### What to work on:
Which lines mention "notin"? Show each one from the listing.

• • • • •

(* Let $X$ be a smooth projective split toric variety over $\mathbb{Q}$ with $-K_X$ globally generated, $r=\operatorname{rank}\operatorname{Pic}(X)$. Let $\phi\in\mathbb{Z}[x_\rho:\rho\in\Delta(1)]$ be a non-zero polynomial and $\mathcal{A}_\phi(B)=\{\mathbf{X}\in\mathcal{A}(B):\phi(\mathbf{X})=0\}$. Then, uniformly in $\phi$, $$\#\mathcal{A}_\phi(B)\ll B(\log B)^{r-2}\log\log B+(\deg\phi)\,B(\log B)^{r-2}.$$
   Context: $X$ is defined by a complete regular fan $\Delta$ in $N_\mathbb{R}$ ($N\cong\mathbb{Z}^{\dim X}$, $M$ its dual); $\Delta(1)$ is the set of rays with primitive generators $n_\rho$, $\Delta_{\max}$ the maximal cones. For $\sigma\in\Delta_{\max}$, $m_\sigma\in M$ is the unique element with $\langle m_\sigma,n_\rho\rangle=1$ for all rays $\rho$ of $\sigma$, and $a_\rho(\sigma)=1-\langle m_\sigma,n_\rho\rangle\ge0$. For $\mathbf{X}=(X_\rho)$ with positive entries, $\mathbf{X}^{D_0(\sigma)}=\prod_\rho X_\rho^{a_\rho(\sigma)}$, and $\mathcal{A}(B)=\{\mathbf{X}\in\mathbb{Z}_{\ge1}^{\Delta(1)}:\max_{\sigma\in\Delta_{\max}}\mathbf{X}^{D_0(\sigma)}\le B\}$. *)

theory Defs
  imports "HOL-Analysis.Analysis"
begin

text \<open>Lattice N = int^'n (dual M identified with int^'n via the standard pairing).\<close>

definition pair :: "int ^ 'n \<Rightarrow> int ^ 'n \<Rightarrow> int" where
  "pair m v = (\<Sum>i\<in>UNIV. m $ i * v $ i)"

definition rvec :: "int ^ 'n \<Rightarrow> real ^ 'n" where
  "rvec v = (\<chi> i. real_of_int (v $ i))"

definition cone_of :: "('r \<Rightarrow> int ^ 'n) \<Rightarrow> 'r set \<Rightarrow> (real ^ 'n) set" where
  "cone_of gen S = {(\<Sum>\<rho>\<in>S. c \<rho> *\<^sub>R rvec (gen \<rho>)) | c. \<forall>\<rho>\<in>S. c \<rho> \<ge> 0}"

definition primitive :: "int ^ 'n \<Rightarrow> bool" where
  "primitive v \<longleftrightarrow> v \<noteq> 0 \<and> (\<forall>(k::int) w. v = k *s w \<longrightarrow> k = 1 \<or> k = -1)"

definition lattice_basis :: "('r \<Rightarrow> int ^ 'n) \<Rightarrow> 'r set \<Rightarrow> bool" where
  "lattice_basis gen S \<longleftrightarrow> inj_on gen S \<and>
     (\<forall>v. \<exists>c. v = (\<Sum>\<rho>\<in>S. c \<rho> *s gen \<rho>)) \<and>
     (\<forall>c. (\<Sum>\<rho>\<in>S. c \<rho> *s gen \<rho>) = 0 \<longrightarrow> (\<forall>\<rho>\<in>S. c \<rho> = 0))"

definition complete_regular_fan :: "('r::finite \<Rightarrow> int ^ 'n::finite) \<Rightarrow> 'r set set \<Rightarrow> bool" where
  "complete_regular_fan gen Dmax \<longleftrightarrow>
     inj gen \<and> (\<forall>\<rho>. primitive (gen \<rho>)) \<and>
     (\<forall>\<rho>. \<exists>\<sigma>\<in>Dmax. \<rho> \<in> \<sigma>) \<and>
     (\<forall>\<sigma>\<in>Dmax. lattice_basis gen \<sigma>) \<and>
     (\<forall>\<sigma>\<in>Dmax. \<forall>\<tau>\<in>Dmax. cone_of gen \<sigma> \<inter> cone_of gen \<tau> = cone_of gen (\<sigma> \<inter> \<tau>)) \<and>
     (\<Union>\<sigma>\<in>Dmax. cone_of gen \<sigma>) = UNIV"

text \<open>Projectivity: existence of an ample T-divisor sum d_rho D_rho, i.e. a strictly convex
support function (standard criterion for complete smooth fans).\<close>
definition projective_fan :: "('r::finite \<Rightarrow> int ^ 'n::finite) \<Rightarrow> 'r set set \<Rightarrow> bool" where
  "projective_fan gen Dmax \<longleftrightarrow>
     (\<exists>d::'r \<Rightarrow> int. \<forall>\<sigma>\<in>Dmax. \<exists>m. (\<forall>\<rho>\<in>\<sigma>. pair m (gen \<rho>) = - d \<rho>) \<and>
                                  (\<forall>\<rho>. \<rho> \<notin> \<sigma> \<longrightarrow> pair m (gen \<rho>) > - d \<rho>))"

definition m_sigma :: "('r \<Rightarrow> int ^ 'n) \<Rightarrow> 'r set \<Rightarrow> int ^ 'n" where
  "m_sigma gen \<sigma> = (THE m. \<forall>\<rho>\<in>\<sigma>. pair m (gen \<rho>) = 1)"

• • • • •

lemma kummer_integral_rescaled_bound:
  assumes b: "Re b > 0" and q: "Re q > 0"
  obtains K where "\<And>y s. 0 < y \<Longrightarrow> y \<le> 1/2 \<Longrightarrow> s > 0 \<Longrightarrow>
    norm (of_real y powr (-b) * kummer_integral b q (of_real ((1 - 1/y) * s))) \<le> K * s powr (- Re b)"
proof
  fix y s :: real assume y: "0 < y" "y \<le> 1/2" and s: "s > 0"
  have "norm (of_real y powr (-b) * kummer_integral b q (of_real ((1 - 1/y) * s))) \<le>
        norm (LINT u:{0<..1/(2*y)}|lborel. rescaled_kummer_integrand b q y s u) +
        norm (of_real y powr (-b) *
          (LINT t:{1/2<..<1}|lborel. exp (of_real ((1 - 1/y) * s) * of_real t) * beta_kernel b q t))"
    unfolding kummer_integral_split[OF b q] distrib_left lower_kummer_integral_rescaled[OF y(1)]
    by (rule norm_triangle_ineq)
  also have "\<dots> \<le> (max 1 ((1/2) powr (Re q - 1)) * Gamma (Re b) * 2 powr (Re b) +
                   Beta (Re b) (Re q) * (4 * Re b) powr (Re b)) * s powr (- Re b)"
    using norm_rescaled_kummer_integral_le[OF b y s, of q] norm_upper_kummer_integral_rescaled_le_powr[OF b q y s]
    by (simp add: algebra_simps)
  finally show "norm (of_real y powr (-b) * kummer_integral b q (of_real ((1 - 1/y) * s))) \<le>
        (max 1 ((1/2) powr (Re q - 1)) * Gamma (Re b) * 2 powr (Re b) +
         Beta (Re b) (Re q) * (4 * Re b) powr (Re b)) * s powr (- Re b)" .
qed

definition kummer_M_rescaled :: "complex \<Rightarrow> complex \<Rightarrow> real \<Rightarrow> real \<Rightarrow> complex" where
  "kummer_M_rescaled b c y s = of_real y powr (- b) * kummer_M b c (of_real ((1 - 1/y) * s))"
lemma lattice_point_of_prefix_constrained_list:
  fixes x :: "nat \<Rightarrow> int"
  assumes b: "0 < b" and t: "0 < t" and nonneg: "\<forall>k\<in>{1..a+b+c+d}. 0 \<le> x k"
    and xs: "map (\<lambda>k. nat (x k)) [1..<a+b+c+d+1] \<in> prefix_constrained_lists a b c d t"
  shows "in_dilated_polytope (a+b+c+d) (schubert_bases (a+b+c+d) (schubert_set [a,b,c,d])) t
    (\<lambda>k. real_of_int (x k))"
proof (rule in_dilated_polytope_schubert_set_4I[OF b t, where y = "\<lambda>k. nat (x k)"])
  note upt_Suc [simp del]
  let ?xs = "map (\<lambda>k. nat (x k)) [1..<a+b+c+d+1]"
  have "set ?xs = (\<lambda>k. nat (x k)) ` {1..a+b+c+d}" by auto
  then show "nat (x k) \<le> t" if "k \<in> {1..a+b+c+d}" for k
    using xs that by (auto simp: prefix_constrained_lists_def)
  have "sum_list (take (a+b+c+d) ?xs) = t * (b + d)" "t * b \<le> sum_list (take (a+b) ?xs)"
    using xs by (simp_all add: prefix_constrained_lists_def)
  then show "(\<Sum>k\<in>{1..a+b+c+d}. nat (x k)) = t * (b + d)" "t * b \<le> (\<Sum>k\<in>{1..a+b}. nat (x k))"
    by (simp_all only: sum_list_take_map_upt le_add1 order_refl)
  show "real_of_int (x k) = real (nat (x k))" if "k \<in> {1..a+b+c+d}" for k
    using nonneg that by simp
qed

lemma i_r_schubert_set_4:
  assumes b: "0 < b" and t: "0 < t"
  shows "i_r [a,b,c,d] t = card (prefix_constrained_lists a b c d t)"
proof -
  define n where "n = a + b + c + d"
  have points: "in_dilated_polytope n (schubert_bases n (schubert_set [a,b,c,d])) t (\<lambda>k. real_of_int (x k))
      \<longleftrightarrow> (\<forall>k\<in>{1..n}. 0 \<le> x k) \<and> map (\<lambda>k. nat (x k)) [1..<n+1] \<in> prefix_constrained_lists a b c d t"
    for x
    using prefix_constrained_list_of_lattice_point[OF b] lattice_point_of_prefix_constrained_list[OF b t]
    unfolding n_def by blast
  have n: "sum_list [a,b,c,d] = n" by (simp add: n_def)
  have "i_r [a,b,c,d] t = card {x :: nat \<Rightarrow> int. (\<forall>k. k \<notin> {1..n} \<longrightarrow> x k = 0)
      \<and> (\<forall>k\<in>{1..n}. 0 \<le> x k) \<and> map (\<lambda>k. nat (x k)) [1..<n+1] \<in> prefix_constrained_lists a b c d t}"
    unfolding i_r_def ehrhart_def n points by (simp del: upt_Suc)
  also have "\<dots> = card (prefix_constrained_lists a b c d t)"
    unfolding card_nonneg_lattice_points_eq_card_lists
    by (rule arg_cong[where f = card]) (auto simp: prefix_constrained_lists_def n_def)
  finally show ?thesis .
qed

• • • • •

### Exercise answer:
                                  (\<forall>\<rho>. \<rho> \<notin> \<sigma> \<longrightarrow> pair m (gen \<rho>) > - d \<rho>))"
  have "i_r [a,b,c,d] t = card {x :: nat \<Rightarrow> int. (\<forall>k. k \<notin> {1..n} \<longrightarrow> x k = 0)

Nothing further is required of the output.